__Activity__
Look through the entries below and extract exactly the lines from the one containing "real) set set \<Rightarrow> ('a" through the one containing "As. n \<ge>", ends included.

Provided data START

(* Let $\mathcal{K}\subseteq\wp(\mathcal{G})$ be coherent. For finitely many $A_1,\ldots,A_n\in\mathcal{K}$ ($n\ge1$) let $\mathbb{D}_{\{A_1,\ldots,A_n\}}$ be the set of all coherent $D\subseteq\mathcal{G}$ for which there is $\langle g_1,\ldots,g_n\rangle\in A_1\times\cdots\times A_n$ with $0\notin\mathcal{E}(\{g_1,\ldots,g_n\})$ and $D\supseteq\mathcal{E}(\{g_1,\ldots,g_n\})$, and let $\mathfrak{D}_{\mathcal{K}}:=\{\mathbb{D}_{\{A_1,\ldots,A_n\}}: n\ge1,\ A_1,\ldots,A_n\in\mathcal{K}\}$. Then: $\mathfrak{D}_{\mathcal{K}}$ is non-empty; each of its members is a non-empty set of coherent sets of desirable gambles; $\mathbb{D}_{\{A^1_1,\ldots,A^1_{n_1},A^2_1,\ldots,A^2_{n_2}\}}\subseteq\mathbb{D}_{\{A^1_1,\ldots,A^1_{n_1}\}}\cap\mathbb{D}_{\{A^2_1,\ldots,A^2_{n_2}\}}$ (so $\mathfrak{D}_{\mathcal{K}}$ is downwards closed); and $\mathcal{K}=\mathcal{K}_{\mathfrak{D}_{\mathcal{K}}}$.
   Context: $\Omega$ is a non-empty set and $\mathcal{G}$ is the set of bounded functions $\Omega\to\mathbb{R}$. $f\geq g$ means pointwise $\geq$; $f\gneq g$ means $f\geq g$ and $f\neq g$; $\mathcal{G}_{\gneq 0}=\{f: f\gneq 0\}$. $\mathrm{posi}(B)=\{\sum_{i=1}^m\lambda_i h_i: m\geq1,\lambda_i>0,h_i\in B\}$, and $\mathcal{E}(E):=\mathrm{posi}(E\cup\mathcal{G}_{\gneq 0})$. A set $D\subseteq\mathcal{G}$ is coherent if $0\notin D$; $\mathcal{G}_{\gneq0}\subseteq D$; $\lambda g\in D$ whenever $g\in D,\lambda>0$; and $f+g\in D$ whenever $f,g\in D$. A set $\mathcal{K}\subseteq\wp(\mathcal{G})$ is coherent if: (K$_\emptyset$) $\emptyset\notin\mathcal{K}$; (K$_0$) if $A\in\mathcal{K}$ then $A\setminus\{0\}\in\mathcal{K}$; (K$_{\gneq0}$) if $g\in\mathcal{G}_{\gneq0}$ then $\{g\}\in\mathcal{K}$; (K$_\supseteq$) if $A\in\mathcal{K}$ and $B\supseteq A$ then $B\in\mathcal{K}$; (K$_{\mathrm{Dom}}$) if $A\in\mathcal{K}$ and for each $g\in A$, $f_g$ is a gamble with $f_g\geq g$, then $\{f_g: g\in A\}\in\mathcal{K}$; (K$_{\mathrm{Add}}$) if $A_1,\ldots,A_n\in\mathcal{K}$ (finitely many) and for each $\langle g_1,\ldots,g_n\rangle\in A_1\times\cdots\times A_n$, $f_{\langle g_1,\ldots,g_n\rangle}$ is some member of $\mathrm{posi}(\{g_1,\ldots,g_n\})$, then $\{f_{\langle g_1,\ldots,g_n\rangle}\}\in\mathcal{K}$ (the set of all these). A set $\mathfrak{D}$ of sets of coherent $D$'s is downwards closed if for all $\mathbb{D}_1,\mathbb{D}_2\in\mathfrak{D}$ there is $\mathbb{D}\in\mathfrak{D}$ with $\mathbb{D}\subseteq\mathbb{D}_1\cap\mathbb{D}_2$. For such $\mathfrak{D}$, $\mathcal{K}_{\mathfrak{D}}:=\{B\subseteq\mathcal{G}:\exists\mathbb{D}\in\mathfrak{D}\ \forall D\in\mathbb{D},\ B\cap D\neq\emptyset\}$. *)

theory Defs
  imports Complex_Main "HOL-Library.FuncSet"
begin

definition gamble :: "('a \<Rightarrow> real) \<Rightarrow> bool" where
  "gamble f \<longleftrightarrow> (\<exists>B. \<forall>x. \<bar>f x\<bar> \<le> B)"

definition gambles :: "('a \<Rightarrow> real) set" where
  "gambles = {f. gamble f}"

definition gneq0 :: "('a \<Rightarrow> real) set" where
  "gneq0 = {f. gamble f \<and> (\<forall>x. f x \<ge> 0) \<and> f \<noteq> (\<lambda>x. 0)}"

definition posi :: "('a \<Rightarrow> real) set \<Rightarrow> ('a \<Rightarrow> real) set" where
  "posi B = {f. \<exists>m::nat. m \<ge> 1 \<and> (\<exists>lam h. (\<forall>i<m. lam i > (0::real) \<and> h i \<in> B)
                 \<and> f = (\<lambda>x. \<Sum>i<m. lam i * h i x))}"

definition Ext :: "('a \<Rightarrow> real) set \<Rightarrow> ('a \<Rightarrow> real) set" where
  "Ext E = posi (E \<union> gneq0)"

definition coherent_D :: "('a \<Rightarrow> real) set \<Rightarrow> bool" where
  "coherent_D D \<longleftrightarrow> D \<subseteq> gambles \<and> (\<lambda>x. 0) \<notin> D \<and> gneq0 \<subseteq> D
     \<and> (\<forall>g\<in>D. \<forall>lam::real. lam > 0 \<longrightarrow> (\<lambda>x. lam * g x) \<in> D)
     \<and> (\<forall>f\<in>D. \<forall>g\<in>D. (\<lambda>x. f x + g x) \<in> D)"

text \<open>Coherent sets of desirable gamble sets. Finite families A_1..A_n are indexed by
  i < n; tuples in A_1 x ... x A_n are extensional functions in PiE {..<n} A.\<close>
definition coherent_K :: "('a \<Rightarrow> real) set set \<Rightarrow> bool" where
  "coherent_K K \<longleftrightarrow>
     K \<subseteq> Pow gambles
   \<and> {} \<notin> K
   \<and> (\<forall>A\<in>K. A - {\<lambda>x. 0} \<in> K)
   \<and> (\<forall>g\<in>gneq0. {g} \<in> K)
   \<and> (\<forall>A\<in>K. \<forall>B. A \<subseteq> B \<and> B \<subseteq> gambles \<longrightarrow> B \<in> K)
   \<and> (\<forall>A\<in>K. \<forall>f. (\<forall>g\<in>A. gamble (f g) \<and> (\<forall>x. f g x \<ge> g x)) \<longrightarrow> f ` A \<in> K)
   \<and> (\<forall>n::nat. \<forall>As::nat \<Rightarrow> ('a \<Rightarrow> real) set. \<forall>F.
        n \<ge> 1 \<and> (\<forall>i<n. As i \<in> K)
        \<and> (\<forall>g\<in>PiE {..<n} As. F g \<in> posi (g ` {..<n}))
        \<longrightarrow> F ` (PiE {..<n} As) \<in> K)"

definition DD :: "nat \<Rightarrow> (nat \<Rightarrow> ('a \<Rightarrow> real) set) \<Rightarrow> ('a \<Rightarrow> real) set set" where
  "DD n As = {D. coherent_D D \<and> (\<exists>g\<in>PiE {..<n} As.
       (\<lambda>x. 0) \<notin> Ext (g ` {..<n}) \<and> Ext (g ` {..<n}) \<subseteq> D)}"

definition frakD :: "('a \<Rightarrow> real) set set \<Rightarrow> ('a \<Rightarrow> real) set set set" where
  "frakD K = {DD n As | n As. n \<ge> 1 \<and> (\<forall>i<n. As i \<in> K)}"

definition downwards_closed :: "('a \<Rightarrow> real) set set set \<Rightarrow> bool" where
  "downwards_closed FD \<longleftrightarrow> (\<forall>D1\<in>FD. \<forall>D2\<in>FD. \<exists>D\<in>FD. D \<subseteq> D1 \<inter> D2)"

definition K_of :: "('a \<Rightarrow> real) set set set \<Rightarrow> ('a \<Rightarrow> real) set set" where
  "K_of FD = {B. B \<subseteq> gambles \<and> (\<exists>DS\<in>FD. \<forall>D\<in>DS. B \<inter> D \<noteq> {})}"

definition concat_fam :: "nat \<Rightarrow> (nat \<Rightarrow> 'b set) \<Rightarrow> (nat \<Rightarrow> 'b set) \<Rightarrow> (nat \<Rightarrow> 'b set)" where
  "concat_fam n1 A1 A2 = (\<lambda>i. if i < n1 then A1 i else A2 (i - n1))"

end

theory Submission
  imports Defs
begin

text \<open>For a selection g \<in> A_1 \<times> \<dots> \<times> A_n, an element of E(g) is either positive or
  dominates a positive combination of g; in particular 0 \<in> E(g) yields a positive combination
  of g that is \<le> 0. If every selection were of this kind, K_Add would put the set of these
  combinations in K and K_Dom would raise it to {0}, contradicting K_0 and K_\<emptyset>; so each
  \<DD>_{A_1..A_n} contains the coherent set E(g) of some selection g. Conversely, a set B meeting
  every member of \<DD>_{A_1..A_n}, in particular every coherent E(g), either contains a positive
  gamble or dominates, for every selection g, a positive combination of g (or one that is \<le> 0);
  the same K_Add/K_Dom/K_0 argument, followed by K_\<supseteq>, yields B \<in> K.\<close>

lemma gamble_add: "gamble f \<Longrightarrow> gamble g \<Longrightarrow> gamble (\<lambda>x. f x + g x)"
  unfolding gamble_def
proof -
  assume "\<exists>B. \<forall>x. \<bar>f x\<bar> \<le> B" "\<exists>B. \<forall>x. \<bar>g x\<bar> \<le> B"
  then obtain B1 B2 where "\<forall>x. \<bar>f x\<bar> \<le> B1" "\<forall>x. \<bar>g x\<bar> \<le> B2" by blast
  then have "\<forall>x. \<bar>f x + g x\<bar> \<le> B1 + B2" by (metis abs_triangle_ineq add_mono order_trans)
  then show "\<exists>B. \<forall>x. \<bar>f x + g x\<bar> \<le> B" by blast
qed

lemma gamble_scale: "gamble f \<Longrightarrow> gamble (\<lambda>x. c * f x)"
  unfolding gamble_def
proof -
  assume "\<exists>B. \<forall>x. \<bar>f x\<bar> \<le> B"
  then obtain B where B: "\<forall>x. \<bar>f x\<bar> \<le> B" by blast
  have "\<forall>x. \<bar>c * f x\<bar> \<le> \<bar>c\<bar> * B"
    using B by (simp add: abs_mult mult_left_mono)
  then show "\<exists>B. \<forall>x. \<bar>c * f x\<bar> \<le> B" by blast
qed

lemma gamble_zero: "gamble (\<lambda>x. 0)" unfolding gamble_def by auto

lemma gamble_sum: "finite S \<Longrightarrow> (\<forall>i\<in>S. gamble (h i)) \<Longrightarrow> gamble (\<lambda>x. \<Sum>i\<in>S. c i * h i x)"
proof (induction S rule: finite_induct)
  case empty then show ?case by (simp add: gamble_zero)
next
  case (insert a F)
  then show ?case using gamble_add[OF gamble_scale[of "h a" "c a"], of "\<lambda>x. \<Sum>i\<in>F. c i * h i x"]
    by simp
qed

lemma posi_iff_finite_index:
  "f \<in> posi B \<longleftrightarrow> (\<exists>S::nat set. finite S \<and> S \<noteq> {}
     \<and> (\<exists>lam h. (\<forall>i\<in>S. lam i > (0::real) \<and> h i \<in> B) \<and> f = (\<lambda>x. \<Sum>i\<in>S. lam i * h i x)))"
  (is "_ \<longleftrightarrow> ?rhs")
proof
  assume "f \<in> posi B"
  then obtain m :: nat and lam h where "m \<ge> 1" "\<forall>i<m. lam i > (0::real) \<and> h i \<in> B"
    "f = (\<lambda>x. \<Sum>i<m. lam i * h i x)"
    unfolding posi_def by blast
  then show ?rhs by (intro exI[of _ "{..<m}"]) (auto simp: lessThan_empty_iff)
next
  assume ?rhs
  then obtain S :: "nat set" and lam h where S: "finite S" "S \<noteq> {}"
    "\<forall>i\<in>S. lam i > (0::real) \<and> h i \<in> B" "f = (\<lambda>x. \<Sum>i\<in>S. lam i * h i x)"
    by blast
  obtain b where b: "bij_betw b {0..<card S} S" using ex_bij_betw_nat_finite[OF S(1)] by blast
  have m: "card S \<ge> 1" using S by (simp add: Suc_le_eq card_gt_0_iff)
  have p: "\<forall>i<card S. lam (b i) > 0 \<and> h (b i) \<in> B"
    using b S(3) by (auto simp: bij_betw_def)
  have e: "f = (\<lambda>x. \<Sum>i<card S. lam (b i) * h (b i) x)"
    using sum.reindex_bij_betw[OF b, of "\<lambda>i. lam i * h i _"] S(4) by (simp add: atLeast0LessThan)
  show "f \<in> posi B" unfolding posi_def using m p e
    by (intro CollectI exI[of _ "card S"] conjI exI[of _ "lam \<circ> b"] exI[of _ "h \<circ> b"]) auto
qed

lemma posi_mono: "A \<subseteq> B \<Longrightarrow> posi A \<subseteq> posi B"
  unfolding posi_def by blast

lemma Ext_mono: "A \<subseteq> B \<Longrightarrow> Ext A \<subseteq> Ext B"
  unfolding Ext_def by (rule posi_mono) blast

lemma in_posi: "g \<in> B \<Longrightarrow> g \<in> posi B"
  unfolding posi_def
  by (intro CollectI exI[of _ 1] conjI exI[of _ "\<lambda>_. 1::real"] exI[of _ "\<lambda>_. g"]) auto
(* If $x\in S_n$ avoids both $123$ and the bivincular pattern $132^{\star}$, then $x\in\mathrm{Sort}_n(132,321)$.
   Context: An occurrence of the bivincular pattern $132^{\star}$ in $x=x_1\cdots x_n$ is a pair of indices $a<b<n$ with $x_a<x_{b+1}$ and $x_b=x_{b+1}+1$. A permutation contains a classical pattern $p$ if it has a subsequence order-isomorphic to $p$. For a set $T$ of patterns, the map $s_T$ is defined as follows: the entries of the input permutation are read from left to right, with an initially empty stack. At each step, if the input is nonempty and pushing the next input entry onto the stack produces a stack whose contents, read from top to bottom, avoid every pattern in $T$, that entry is pushed; otherwise the top entry of the stack is popped and appended to the output. When the input is exhausted, the remaining stack entries are popped one at a time to the output. Write $s_{\sigma,\tau}=s_{\{\sigma,\tau\}}$ and $s=s_{\{21\}}$ (West's stack-sorting map). $\mathrm{Sort}_n(\sigma,\tau)$ is the set of $x\in S_n$ with $s(s_{\sigma,\tau}(x))=12\cdots n$. *)

theory Defs
  imports Main
begin

text \<open>Permutations are lists of naturals; x is in S_n iff it is an arrangement of 1..n.
  Positions are 0-based in Isabelle (x ! i is the paper's x_(i+1)).\<close>

definition perm_of :: "nat \<Rightarrow> nat list \<Rightarrow> bool" where
  "perm_of n x \<longleftrightarrow> distinct x \<and> set x = {1..n}"

definition order_iso :: "nat list \<Rightarrow> nat list \<Rightarrow> bool" where
  "order_iso a b \<longleftrightarrow> length a = length b \<and>
     (\<forall>i<length a. \<forall>j<length a. a ! i < a ! j \<longleftrightarrow> b ! i < b ! j)"

definition contains :: "nat list \<Rightarrow> nat list \<Rightarrow> bool" where
  "contains x p \<longleftrightarrow> (\<exists>I. I \<subseteq> {..<length x} \<and> order_iso (nths x I) p)"

definition avoids :: "nat list \<Rightarrow> nat list \<Rightarrow> bool" where
  "avoids x p \<longleftrightarrow> \<not> contains x p"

Provided data END

__Reply__
definition frakD :: "('a \<Rightarrow> real) set set \<Rightarrow> ('a \<Rightarrow> real) set set set" where
  "frakD K = {DD n As | n As. n \<ge> 1 \<and> (\<forall>i<n. As i \<in> K)}"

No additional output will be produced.